| WHAT YOU ARE ASKED TO DO |
Please repeat, from the entries that follow, the lines from the one containing "then show ?thesis by" through the one containing "using K(3) U(3)" exactly, adding nothing.

| THE DATA |
★ ★ ★

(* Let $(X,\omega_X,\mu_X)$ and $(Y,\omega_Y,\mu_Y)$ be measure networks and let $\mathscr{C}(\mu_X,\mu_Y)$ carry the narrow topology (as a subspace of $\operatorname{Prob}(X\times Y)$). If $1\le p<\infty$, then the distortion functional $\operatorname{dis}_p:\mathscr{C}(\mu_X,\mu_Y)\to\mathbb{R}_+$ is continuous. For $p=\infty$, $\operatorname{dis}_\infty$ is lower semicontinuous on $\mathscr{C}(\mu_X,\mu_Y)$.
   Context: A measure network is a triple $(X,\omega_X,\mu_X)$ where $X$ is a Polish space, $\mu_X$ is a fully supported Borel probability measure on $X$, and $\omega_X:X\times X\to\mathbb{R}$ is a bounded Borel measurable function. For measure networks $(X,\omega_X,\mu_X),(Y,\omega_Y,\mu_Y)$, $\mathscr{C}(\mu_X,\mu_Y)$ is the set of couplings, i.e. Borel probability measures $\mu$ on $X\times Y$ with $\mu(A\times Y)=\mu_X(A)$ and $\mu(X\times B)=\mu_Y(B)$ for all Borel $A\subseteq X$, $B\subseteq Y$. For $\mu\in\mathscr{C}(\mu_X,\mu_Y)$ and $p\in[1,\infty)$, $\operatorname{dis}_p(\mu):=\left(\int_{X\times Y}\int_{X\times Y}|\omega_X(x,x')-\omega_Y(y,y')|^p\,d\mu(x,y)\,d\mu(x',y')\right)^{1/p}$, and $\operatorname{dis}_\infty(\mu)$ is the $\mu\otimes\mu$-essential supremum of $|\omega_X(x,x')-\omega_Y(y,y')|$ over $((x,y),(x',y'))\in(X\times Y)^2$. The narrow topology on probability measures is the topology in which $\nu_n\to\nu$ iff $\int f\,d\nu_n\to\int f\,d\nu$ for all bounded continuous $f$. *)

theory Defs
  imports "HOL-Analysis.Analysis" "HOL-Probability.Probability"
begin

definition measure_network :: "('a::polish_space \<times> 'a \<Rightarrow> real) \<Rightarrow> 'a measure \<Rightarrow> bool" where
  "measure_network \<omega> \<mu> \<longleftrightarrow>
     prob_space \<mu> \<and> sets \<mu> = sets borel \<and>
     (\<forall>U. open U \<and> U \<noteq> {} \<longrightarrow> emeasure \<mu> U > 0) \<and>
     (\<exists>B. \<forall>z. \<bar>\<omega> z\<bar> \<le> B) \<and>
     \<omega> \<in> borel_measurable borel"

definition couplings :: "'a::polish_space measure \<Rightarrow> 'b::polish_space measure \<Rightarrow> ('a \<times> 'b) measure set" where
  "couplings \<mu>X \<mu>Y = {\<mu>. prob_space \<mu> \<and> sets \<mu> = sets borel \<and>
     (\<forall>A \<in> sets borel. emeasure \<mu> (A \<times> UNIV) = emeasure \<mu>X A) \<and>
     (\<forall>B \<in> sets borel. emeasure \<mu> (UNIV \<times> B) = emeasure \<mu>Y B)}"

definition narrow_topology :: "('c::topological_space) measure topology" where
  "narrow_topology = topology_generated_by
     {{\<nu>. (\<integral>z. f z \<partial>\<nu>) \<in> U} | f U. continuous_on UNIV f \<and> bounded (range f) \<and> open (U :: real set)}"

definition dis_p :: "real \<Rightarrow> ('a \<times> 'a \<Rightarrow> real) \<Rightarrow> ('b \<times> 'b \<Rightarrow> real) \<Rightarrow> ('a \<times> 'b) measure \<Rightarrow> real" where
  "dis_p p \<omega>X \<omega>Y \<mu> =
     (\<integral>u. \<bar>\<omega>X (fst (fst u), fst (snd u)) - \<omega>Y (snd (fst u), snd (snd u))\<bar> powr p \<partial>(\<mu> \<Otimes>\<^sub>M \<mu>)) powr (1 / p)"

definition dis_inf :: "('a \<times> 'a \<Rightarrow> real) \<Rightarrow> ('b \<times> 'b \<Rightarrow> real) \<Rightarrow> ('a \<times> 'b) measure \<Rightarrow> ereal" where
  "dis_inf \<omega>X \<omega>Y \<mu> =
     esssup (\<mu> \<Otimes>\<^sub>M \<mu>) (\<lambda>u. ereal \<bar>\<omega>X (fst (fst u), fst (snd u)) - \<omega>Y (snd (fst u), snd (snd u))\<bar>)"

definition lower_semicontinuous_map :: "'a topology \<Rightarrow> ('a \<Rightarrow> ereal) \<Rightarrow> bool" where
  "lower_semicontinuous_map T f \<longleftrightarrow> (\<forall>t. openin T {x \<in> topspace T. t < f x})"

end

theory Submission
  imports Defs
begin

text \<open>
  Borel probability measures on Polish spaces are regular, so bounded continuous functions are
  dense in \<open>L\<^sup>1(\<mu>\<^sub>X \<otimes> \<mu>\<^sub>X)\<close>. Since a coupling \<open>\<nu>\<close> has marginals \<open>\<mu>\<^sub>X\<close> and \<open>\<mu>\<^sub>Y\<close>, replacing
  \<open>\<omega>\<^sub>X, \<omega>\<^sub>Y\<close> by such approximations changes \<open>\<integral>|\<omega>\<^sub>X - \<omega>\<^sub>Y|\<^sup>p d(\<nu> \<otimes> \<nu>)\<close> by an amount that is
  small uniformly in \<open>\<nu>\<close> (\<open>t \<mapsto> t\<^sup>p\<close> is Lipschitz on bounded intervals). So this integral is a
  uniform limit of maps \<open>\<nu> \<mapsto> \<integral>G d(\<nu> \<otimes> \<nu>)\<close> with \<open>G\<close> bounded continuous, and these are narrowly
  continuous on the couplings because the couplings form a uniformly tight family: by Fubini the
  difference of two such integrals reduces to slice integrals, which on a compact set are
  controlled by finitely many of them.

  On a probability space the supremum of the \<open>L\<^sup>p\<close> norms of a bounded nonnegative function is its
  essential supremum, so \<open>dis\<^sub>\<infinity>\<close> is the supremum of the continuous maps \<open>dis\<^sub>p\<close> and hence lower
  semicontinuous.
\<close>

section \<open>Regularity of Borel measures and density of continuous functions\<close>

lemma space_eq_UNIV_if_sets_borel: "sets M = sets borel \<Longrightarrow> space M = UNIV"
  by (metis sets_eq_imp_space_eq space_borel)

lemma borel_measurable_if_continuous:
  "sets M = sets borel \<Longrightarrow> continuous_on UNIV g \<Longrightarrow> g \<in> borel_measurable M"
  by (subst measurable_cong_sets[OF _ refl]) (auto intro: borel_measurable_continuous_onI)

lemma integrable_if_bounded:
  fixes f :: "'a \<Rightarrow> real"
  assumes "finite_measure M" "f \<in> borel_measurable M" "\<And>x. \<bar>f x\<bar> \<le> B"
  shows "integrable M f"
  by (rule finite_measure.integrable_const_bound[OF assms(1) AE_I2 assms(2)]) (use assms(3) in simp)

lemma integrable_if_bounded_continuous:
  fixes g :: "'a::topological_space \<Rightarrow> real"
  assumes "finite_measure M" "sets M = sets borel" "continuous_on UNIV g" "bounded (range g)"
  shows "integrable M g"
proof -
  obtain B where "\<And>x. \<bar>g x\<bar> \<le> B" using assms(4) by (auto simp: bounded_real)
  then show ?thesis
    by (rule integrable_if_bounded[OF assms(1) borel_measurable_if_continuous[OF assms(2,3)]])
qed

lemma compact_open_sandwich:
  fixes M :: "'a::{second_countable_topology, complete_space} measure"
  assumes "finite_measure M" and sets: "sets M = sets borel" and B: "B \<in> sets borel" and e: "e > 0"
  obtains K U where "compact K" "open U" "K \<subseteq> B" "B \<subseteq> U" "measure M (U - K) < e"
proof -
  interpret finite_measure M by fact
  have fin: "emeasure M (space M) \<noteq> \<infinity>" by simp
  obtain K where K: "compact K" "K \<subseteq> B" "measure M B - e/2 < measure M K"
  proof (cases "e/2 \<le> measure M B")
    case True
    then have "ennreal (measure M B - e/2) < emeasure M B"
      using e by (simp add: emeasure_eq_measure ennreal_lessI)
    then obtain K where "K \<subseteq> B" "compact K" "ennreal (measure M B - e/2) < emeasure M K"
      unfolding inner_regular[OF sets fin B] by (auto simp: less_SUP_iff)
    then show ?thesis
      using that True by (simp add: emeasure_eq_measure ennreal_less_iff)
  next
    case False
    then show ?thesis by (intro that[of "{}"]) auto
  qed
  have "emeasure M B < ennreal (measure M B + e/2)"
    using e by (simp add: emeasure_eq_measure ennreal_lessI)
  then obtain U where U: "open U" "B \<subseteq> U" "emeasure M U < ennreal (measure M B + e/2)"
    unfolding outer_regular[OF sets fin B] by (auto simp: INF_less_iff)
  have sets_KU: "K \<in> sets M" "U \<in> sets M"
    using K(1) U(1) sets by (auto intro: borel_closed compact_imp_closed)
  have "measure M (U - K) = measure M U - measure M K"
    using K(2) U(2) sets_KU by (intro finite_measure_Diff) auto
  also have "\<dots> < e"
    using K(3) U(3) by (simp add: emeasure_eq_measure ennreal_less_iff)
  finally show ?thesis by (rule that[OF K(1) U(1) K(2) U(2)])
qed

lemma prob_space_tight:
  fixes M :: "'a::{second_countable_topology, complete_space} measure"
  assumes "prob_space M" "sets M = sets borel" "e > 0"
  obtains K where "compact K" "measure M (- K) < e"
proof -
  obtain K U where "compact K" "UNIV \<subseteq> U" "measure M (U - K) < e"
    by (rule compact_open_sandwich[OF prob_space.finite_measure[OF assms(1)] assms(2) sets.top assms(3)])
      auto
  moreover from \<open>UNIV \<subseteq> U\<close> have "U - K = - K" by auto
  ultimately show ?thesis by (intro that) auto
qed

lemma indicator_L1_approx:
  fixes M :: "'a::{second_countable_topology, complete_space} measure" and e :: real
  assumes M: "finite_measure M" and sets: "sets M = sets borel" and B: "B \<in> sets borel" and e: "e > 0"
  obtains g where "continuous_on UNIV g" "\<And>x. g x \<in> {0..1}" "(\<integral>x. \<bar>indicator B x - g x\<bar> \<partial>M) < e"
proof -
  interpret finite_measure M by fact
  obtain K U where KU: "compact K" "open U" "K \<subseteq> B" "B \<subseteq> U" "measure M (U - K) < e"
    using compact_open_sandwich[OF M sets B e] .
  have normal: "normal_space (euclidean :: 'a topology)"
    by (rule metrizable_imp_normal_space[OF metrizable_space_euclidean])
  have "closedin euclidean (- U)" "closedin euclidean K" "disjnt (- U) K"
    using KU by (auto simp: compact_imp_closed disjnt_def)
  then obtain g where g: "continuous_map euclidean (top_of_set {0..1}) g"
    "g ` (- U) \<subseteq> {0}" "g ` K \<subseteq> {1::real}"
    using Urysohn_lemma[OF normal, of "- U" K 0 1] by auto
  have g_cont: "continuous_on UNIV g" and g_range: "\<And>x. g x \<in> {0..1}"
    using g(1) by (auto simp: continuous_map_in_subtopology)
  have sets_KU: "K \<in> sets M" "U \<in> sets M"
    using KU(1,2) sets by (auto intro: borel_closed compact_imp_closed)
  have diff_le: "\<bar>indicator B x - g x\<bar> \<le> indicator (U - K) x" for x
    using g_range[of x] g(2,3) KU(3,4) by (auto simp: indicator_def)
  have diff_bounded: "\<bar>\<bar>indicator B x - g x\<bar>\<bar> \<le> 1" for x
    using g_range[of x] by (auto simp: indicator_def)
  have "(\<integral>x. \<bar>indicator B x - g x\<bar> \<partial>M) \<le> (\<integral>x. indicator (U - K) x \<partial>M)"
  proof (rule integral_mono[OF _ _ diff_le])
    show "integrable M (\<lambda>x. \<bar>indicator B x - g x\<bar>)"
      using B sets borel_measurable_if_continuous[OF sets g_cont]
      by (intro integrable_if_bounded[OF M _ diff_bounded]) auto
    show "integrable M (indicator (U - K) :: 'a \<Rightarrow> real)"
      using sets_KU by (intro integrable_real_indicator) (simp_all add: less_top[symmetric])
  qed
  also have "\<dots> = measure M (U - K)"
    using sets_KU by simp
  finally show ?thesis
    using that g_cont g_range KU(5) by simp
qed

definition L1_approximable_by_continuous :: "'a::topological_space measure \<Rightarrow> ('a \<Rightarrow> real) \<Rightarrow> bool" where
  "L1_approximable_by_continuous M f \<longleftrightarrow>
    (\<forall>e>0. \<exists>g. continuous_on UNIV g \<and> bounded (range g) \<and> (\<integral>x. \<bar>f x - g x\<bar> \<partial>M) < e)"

★ ★ ★

| ANSWER SECTION |
    then show ?thesis by (intro that[of "{}"]) auto
  qed
  have "emeasure M B < ennreal (measure M B + e/2)"
    using e by (simp add: emeasure_eq_measure ennreal_lessI)
  then obtain U where U: "open U" "B \<subseteq> U" "emeasure M U < ennreal (measure M B + e/2)"
    unfolding outer_regular[OF sets fin B] by (auto simp: INF_less_iff)
  have sets_KU: "K \<in> sets M" "U \<in> sets M"
    using K(1) U(1) sets by (auto intro: borel_closed compact_imp_closed)
  have "measure M (U - K) = measure M U - measure M K"
    using K(2) U(2) sets_KU by (intro finite_measure_Diff) auto
  also have "\<dots> < e"
    using K(3) U(3) by (simp add: emeasure_eq_measure ennreal_less_iff)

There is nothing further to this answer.